*** DATA EXCERPTS ***

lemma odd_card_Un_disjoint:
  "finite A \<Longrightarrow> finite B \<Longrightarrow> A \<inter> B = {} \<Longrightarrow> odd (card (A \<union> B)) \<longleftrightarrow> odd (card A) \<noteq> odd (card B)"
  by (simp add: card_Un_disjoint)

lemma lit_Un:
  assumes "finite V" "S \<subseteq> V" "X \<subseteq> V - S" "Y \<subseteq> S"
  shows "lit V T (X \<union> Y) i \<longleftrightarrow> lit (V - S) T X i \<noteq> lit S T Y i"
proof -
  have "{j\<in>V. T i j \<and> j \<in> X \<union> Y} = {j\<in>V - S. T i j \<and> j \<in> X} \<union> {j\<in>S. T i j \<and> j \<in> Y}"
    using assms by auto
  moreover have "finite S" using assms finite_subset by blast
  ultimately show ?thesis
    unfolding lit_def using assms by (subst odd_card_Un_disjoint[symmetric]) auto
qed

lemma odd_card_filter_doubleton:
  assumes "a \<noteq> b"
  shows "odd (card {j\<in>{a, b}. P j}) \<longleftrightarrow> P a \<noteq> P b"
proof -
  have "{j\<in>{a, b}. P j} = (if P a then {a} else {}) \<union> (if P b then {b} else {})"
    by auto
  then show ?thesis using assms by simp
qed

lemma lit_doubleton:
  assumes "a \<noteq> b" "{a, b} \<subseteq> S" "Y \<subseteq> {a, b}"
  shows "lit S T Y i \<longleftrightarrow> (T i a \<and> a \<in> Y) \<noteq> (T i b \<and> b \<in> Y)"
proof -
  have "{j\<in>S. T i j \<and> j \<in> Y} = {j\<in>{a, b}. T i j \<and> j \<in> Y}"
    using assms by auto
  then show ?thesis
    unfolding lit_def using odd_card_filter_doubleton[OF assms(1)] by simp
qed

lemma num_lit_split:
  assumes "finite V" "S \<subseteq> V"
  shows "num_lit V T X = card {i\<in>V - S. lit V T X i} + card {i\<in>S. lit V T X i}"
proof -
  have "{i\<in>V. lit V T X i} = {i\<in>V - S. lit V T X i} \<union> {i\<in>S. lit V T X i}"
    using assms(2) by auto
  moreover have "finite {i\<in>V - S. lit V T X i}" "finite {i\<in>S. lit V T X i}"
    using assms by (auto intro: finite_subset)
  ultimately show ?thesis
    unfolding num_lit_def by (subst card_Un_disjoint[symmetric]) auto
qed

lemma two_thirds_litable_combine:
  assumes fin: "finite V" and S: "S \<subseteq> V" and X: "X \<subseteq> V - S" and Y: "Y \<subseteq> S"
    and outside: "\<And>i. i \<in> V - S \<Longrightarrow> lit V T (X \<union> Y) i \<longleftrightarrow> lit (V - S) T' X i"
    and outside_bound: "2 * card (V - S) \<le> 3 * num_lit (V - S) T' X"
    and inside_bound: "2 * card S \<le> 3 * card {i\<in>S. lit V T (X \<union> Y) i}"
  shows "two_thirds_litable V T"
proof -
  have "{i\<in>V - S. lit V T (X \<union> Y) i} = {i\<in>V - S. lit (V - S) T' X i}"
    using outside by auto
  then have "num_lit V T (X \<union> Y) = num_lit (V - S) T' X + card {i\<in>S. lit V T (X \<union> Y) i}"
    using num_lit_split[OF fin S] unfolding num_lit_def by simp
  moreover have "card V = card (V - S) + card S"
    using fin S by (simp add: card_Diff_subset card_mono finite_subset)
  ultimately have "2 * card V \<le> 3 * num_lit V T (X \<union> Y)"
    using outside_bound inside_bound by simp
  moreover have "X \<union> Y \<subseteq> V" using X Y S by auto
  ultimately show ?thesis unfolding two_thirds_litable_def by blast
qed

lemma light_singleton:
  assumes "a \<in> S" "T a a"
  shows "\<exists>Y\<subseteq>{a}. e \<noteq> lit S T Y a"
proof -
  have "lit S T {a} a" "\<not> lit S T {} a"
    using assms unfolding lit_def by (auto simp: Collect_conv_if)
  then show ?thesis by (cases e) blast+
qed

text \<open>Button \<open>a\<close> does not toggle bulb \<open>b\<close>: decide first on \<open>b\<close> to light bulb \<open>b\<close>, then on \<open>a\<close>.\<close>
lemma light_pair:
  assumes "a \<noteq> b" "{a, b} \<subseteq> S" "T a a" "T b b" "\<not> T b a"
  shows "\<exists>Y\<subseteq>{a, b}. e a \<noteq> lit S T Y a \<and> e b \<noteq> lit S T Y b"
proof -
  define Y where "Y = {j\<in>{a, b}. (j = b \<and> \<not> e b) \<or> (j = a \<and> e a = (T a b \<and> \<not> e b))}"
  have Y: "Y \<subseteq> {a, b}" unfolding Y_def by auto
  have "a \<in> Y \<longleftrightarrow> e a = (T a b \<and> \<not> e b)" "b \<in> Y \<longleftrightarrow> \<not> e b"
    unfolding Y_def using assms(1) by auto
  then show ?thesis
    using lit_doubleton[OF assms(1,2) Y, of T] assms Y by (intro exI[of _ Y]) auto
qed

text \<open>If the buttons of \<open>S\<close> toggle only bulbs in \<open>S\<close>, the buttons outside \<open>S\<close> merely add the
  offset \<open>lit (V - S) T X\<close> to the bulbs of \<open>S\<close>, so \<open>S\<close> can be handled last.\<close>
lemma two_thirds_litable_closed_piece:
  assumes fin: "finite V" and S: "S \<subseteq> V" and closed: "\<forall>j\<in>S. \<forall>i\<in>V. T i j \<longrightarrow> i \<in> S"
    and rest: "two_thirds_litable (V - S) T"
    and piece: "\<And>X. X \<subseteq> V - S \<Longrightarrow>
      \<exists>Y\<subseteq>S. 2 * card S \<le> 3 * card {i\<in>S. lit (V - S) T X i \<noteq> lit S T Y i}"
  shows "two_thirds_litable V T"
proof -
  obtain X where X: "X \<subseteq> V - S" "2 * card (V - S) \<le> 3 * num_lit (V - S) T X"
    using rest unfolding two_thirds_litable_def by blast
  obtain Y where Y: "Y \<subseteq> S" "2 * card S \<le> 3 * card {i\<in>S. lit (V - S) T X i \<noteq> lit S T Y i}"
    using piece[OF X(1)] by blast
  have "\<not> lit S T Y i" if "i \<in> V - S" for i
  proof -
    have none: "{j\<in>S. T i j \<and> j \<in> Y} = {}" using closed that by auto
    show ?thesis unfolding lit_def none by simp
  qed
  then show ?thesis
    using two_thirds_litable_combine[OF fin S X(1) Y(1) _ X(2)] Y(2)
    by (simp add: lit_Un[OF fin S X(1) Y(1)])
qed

*** End of DATA EXCERPTS ***
*** DATA EXCERPTS ***

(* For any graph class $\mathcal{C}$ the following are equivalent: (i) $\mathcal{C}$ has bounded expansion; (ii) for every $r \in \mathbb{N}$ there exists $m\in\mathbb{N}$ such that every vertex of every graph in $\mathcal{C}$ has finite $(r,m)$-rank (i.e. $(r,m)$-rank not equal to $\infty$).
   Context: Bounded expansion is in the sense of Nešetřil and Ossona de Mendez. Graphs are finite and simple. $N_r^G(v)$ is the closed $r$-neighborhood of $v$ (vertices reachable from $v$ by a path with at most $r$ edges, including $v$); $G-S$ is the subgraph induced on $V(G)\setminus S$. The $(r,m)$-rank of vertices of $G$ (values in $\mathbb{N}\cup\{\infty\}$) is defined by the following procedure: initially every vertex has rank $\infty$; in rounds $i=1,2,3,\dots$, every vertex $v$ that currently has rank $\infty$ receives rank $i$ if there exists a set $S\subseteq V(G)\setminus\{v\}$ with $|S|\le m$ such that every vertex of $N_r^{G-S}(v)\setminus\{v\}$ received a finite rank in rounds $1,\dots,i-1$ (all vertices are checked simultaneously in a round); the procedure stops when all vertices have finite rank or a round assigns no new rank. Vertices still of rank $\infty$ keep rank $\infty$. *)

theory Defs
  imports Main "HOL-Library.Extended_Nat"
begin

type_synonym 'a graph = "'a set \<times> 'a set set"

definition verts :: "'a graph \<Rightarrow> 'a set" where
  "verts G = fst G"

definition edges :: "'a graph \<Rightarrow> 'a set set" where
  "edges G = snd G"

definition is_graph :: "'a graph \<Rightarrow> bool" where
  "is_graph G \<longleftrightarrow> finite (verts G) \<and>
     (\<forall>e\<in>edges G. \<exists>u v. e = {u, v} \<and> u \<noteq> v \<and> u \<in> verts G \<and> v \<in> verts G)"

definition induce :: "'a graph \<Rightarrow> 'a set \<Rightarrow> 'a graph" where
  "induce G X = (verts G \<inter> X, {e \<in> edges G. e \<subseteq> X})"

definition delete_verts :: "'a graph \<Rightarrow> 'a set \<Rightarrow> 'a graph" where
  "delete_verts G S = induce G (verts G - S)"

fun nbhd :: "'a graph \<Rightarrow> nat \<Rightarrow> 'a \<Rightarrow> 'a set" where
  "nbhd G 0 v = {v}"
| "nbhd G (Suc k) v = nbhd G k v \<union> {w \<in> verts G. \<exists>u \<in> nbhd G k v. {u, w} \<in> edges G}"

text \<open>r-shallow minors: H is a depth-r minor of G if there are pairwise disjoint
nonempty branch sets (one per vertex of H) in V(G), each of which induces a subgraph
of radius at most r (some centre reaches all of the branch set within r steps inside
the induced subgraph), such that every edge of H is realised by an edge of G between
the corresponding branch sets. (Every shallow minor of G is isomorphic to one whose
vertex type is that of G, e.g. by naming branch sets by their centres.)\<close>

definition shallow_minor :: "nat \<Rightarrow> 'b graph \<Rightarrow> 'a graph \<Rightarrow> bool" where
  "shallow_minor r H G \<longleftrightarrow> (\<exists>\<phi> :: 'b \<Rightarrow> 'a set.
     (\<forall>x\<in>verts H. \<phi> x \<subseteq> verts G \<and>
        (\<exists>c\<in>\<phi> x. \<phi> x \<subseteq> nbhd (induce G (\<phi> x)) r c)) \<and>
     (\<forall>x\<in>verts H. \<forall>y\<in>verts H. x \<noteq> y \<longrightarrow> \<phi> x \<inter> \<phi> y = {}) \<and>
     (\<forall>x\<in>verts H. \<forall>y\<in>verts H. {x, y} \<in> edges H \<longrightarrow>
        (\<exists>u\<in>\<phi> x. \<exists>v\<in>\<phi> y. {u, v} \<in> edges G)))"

*** End of DATA EXCERPTS ***
*** DATA EXCERPTS ***

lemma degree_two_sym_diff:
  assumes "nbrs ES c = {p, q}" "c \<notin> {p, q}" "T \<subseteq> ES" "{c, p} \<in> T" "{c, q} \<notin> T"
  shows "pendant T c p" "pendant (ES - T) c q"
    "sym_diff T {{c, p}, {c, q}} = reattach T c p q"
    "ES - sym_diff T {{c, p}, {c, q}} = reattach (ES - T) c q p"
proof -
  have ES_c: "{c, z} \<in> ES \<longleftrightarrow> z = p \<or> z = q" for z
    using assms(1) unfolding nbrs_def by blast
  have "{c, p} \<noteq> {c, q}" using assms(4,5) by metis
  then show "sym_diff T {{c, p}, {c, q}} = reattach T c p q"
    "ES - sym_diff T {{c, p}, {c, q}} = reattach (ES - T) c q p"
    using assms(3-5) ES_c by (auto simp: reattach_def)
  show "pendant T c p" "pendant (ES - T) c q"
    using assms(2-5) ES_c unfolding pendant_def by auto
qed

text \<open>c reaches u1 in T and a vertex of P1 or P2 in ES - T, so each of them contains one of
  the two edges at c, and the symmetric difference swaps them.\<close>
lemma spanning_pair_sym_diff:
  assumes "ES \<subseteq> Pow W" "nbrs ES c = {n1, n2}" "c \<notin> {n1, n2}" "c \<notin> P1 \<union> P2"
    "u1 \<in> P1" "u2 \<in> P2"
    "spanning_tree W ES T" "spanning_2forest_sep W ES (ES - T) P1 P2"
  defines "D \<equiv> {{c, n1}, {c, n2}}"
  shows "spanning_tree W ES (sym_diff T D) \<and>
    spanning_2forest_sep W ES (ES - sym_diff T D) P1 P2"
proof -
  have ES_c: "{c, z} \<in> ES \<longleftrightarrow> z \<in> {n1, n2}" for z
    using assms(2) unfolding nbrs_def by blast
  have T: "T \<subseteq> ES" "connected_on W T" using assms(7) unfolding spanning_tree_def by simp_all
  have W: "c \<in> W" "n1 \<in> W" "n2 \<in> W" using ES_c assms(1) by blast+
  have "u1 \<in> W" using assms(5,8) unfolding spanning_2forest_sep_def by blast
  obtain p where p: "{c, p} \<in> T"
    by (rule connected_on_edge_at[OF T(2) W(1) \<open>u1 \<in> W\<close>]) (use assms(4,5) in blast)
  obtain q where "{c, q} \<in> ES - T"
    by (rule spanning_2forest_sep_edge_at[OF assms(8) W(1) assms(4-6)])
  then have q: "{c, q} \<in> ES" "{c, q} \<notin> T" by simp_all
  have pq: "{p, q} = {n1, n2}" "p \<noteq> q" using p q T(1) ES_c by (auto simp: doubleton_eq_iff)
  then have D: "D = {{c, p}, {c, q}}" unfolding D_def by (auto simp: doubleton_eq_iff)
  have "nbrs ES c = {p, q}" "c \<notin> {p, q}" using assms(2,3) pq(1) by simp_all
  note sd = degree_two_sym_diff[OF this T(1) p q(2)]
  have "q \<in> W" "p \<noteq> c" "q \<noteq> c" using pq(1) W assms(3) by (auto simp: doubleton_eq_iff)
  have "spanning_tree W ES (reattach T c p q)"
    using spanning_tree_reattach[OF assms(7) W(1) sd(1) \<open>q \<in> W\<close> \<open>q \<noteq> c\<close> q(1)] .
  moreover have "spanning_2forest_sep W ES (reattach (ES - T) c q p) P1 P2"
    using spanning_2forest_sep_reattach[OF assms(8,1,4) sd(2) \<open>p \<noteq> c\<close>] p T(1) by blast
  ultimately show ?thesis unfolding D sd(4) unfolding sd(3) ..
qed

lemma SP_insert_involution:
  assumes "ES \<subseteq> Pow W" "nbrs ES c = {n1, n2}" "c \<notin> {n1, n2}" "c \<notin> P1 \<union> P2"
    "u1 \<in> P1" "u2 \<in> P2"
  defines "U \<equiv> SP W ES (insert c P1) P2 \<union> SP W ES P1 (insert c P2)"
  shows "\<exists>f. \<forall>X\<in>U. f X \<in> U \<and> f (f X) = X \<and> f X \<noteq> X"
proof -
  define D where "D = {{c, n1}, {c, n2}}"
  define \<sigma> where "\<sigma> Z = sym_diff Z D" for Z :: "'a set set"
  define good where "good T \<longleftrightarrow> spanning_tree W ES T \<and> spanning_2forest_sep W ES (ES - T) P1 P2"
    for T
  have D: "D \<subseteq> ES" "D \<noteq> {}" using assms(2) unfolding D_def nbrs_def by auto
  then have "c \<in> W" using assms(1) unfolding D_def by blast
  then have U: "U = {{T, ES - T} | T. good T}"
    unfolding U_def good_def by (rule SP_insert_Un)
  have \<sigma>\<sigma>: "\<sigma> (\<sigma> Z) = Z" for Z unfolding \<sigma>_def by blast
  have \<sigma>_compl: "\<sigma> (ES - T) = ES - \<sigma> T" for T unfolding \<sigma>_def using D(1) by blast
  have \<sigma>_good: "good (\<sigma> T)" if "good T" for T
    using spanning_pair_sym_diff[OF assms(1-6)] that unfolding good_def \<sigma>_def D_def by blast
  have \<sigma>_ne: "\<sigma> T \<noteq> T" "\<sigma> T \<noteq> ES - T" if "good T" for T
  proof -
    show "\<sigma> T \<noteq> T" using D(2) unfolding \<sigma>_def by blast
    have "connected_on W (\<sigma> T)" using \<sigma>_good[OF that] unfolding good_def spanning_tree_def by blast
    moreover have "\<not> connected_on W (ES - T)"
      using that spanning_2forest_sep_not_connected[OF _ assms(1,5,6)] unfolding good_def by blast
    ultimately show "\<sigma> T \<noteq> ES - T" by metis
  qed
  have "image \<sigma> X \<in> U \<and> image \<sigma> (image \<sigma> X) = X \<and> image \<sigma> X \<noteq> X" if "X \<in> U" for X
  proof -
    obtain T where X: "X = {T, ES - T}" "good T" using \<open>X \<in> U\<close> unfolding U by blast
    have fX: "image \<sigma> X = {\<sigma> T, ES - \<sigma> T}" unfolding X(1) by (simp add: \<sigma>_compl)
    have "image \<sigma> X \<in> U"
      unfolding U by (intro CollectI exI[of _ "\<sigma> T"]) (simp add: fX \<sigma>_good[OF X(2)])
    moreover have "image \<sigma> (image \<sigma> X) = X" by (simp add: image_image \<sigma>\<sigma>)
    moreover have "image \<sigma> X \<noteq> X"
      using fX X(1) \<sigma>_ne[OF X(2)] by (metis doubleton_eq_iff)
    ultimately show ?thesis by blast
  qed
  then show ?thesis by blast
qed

*** End of DATA EXCERPTS ***

» WHAT TO WORK ON
Your answer should consist of the lines from the line with "D_def by (auto simp: doubleton_eq_iff)" to the line with "using spanning_2forest_sep_reattach[OF assms(8,1,4)" above, repeated exactly, both ends included.

» RESPONSE AREA
  then have D: "D = {{c, p}, {c, q}}" unfolding D_def by (auto simp: doubleton_eq_iff)
  have "nbrs ES c = {p, q}" "c \<notin> {p, q}" using assms(2,3) pq(1) by simp_all
  note sd = degree_two_sym_diff[OF this T(1) p q(2)]
  have "q \<in> W" "p \<noteq> c" "q \<noteq> c" using pq(1) W assms(3) by (auto simp: doubleton_eq_iff)
  have "spanning_tree W ES (reattach T c p q)"
    using spanning_tree_reattach[OF assms(7) W(1) sd(1) \<open>q \<in> W\<close> \<open>q \<noteq> c\<close> q(1)] .
  moreover have "spanning_2forest_sep W ES (reattach (ES - T) c q p) P1 P2"
    using spanning_2forest_sep_reattach[OF assms(8,1,4) sd(2) \<open>p \<noteq> c\<close>] p T(1) by blast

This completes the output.